Abstract: Background: The global rise in Cesarean Section (CS) rates is a significant public health concern, as rates exceeding the recommended 10-15% are not associated with improved maternal or neonatal outcomes. The World Health Organization (WHO) advocates for the use of the Robson Ten-Group Classification System (TGCS) to standardize the monitoring and analysis of CS rates, allowing for targeted quality improvement.
Objective: This retrospective study aimed to analyze the institutional CS rate at a tertiary care teaching hospital using the Robson TGCS, identify the major contributing groups, analyze important indicators, and suggest practical strategies for optimizing delivery outcomes.
Methods: The study was conducted retrospectively at the Department of Obstetrics and Gynecology at S N Medical College and HSK Hospital. Data for all pregnant women who delivered past the period of viability (>28 weeks) between January 2024 and December 2024 (N=1427 total deliveries) were collected from hospital registries and case files. Deliveries were classified into the ten mutually exclusive Robson groups, and relative CS rates and contributions to the overall CS rate were calculated.

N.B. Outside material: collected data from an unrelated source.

(* Let $\mathbb{F}$ be an algebraically closed field of characteristic zero, $J_1=E_{12}$ and $J_2=E_{12}+E_{23}$. Let $\underline{A}=(J_2,A_2,A_3)$ and $\underline{B}=(J_1,B_2,B_3)$ be elements of $\mathcal{N}_3^3$ such that $f(\underline{A})=f(\underline{B})$ for all $f\in S_{3,3}$. Then $f(\underline{A})=f(\underline{B})$ for all $f\in P_{3,3}$.
   Context: $E_{ij}$ is the $3\times3$ matrix unit. $\mathcal{N}_3^3$ is the set of triples of nilpotent $3\times3$ matrices over $\mathbb{F}$. $\mathrm{tr}(Y_{i_1}\cdots Y_{i_r})$ denotes the function $\underline{A}\mapsto\mathrm{tr}(A_{i_1}\cdots A_{i_r})$. $S_{3,3}$ is the set consisting of: $\mathrm{tr}(Y_iY_j),\ \mathrm{tr}(Y_i^2Y_j),\ \mathrm{tr}(Y_iY_j^2),\ \mathrm{tr}(Y_i^2Y_j^2),\ \mathrm{tr}(Y_i^2Y_j^2Y_iY_j)$ for $1\le i<j\le3$; $\mathrm{tr}(Y_1Y_2Y_3)$, $\mathrm{tr}(Y_1Y_3Y_2)$; $\mathrm{tr}(Y_i^2Y_jY_k)$ for $\{i,j,k\}=\{1,2,3\}$; $\mathrm{tr}(Y_1^2Y_2Y_1Y_3)$, $\mathrm{tr}(Y_2^2Y_1Y_2Y_3)$, $\mathrm{tr}(Y_3^2Y_1Y_3Y_2)$. $P_{3,3}=S_{3,3}\sqcup P'_{3,3}$, where $P'_{3,3}$ consists of $\mathrm{tr}(Y_i^2Y_j^2Y_k)$ and $\mathrm{tr}(Y_i^2Y_j^2Y_iY_k)$ for $\{i,j,k\}=\{1,2,3\}$, and $\mathrm{tr}(Y_1^2Y_2^2Y_3^2)$. *)

theory Defs
  imports "HOL-Analysis.Analysis" "HOL-Computational_Algebra.Polynomial"
begin

type_synonym 'a mat3 = "'a ^ 3 ^ 3"

definition matunit :: "3 \<Rightarrow> 3 \<Rightarrow> 'a::semiring_1 mat3" where
  "matunit i j = (\<chi> r c. if r = i \<and> c = j then 1 else 0)"

definition J1 :: "'a::semiring_1 mat3" where "J1 = matunit 1 2"
definition J2 :: "'a::semiring_1 mat3" where "J2 = matunit 1 2 + matunit 2 3"

fun mpow :: "'a::semiring_1 mat3 \<Rightarrow> nat \<Rightarrow> 'a mat3" where
  "mpow A 0 = mat 1"
| "mpow A (Suc n) = A ** mpow A n"

definition nilpotent3 :: "'a::semiring_1 mat3 \<Rightarrow> bool" where
  "nilpotent3 A \<longleftrightarrow> (\<exists>k. mpow A k = 0)"

definition N33 :: "('a::semiring_1 mat3 \<times> 'a mat3 \<times> 'a mat3) set" where
  "N33 = {(X1, X2, X3). nilpotent3 X1 \<and> nilpotent3 X2 \<and> nilpotent3 X3}"

definition sel :: "'b \<times> 'b \<times> 'b \<Rightarrow> nat \<Rightarrow> 'b" where
  "sel t i = (if i = 1 then fst t else if i = 2 then fst (snd t) else snd (snd t))"

text \<open>tr(Y_{i_1} ... Y_{i_r}) evaluated at a triple, the word being [i_1,...,i_r].\<close>
definition trw :: "'a::semiring_1 mat3 \<times> 'a mat3 \<times> 'a mat3 \<Rightarrow> nat list \<Rightarrow> 'a" where
  "trw t w = trace (foldr (\<lambda>i M. sel t i ** M) w (mat 1))"

definition S33 :: "nat list set" where
  "S33 =
     {w. \<exists>i j. 1 \<le> i \<and> i < j \<and> j \<le> 3 \<and>
          w \<in> {[i,j], [i,i,j], [i,j,j], [i,i,j,j], [i,i,j,j,i,j]}}
   \<union> {[1,2,3], [1,3,2]}
   \<union> {[i,i,j,k] | i j k. {i,j,k} = {1,2,3::nat}}
   \<union> {[1,1,2,1,3], [2,2,1,2,3], [3,3,1,3,2]}"

definition P33' :: "nat list set" where
  "P33' =
     {[i,i,j,j,k] | i j k. {i,j,k} = {1,2,3::nat}}
   \<union> {[i,i,j,j,i,k] | i j k. {i,j,k} = {1,2,3::nat}}
   \<union> {[1,1,2,2,3,3]}"

definition P33 :: "nat list set" where
  "P33 = S33 \<union> P33'"

end

theory Submission
  imports Defs
begin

Results: The overall institutional Cesarean Section rate was 62.3%, significantly exceeding the WHO recommendation. Group V (multiparous, $ge$1 previous CS, singleton, cephalic, term) was the largest contributor, accounting for 28.24% of all deliveries and 45.33% of all CSs (CS rate: 99.75%). Group II (nulliparous, singleton, cephalic, term, induced/pre-labor CS) was the second largest contributor (19.41% of deliveries, 26.88% of CSs; CS rate: 86.28%). Groups I and III (spontaneous labor, low-risk) showed appropriately low CS rates (8.51% and 1.49%, respectively) and contributed significantly to vaginal deliveries. The leading indications for CS were Previous Cesarean (45.33%) and Fetal Distress (20.25%).
Conclusion: The institutional CS rate is alarmingly high, primarily driven by the high CS rate and large size of Robson Group V (previous CS) and Group II (induced nulliparous women). Targeted interventions, including promoting Trial of Labor After Cesarean (TOLAC/VBAC) to reduce the CS rate in Group V, and strict adherence to evidence-based labor induction protocols with adequate time for labor progression to reduce the primary CS rate in Group II, are critical steps to reduce the overall institutional CS rate. Improved, judicious intrapartum fetal monitoring may also help mitigate overdiagnosis of fetal distress.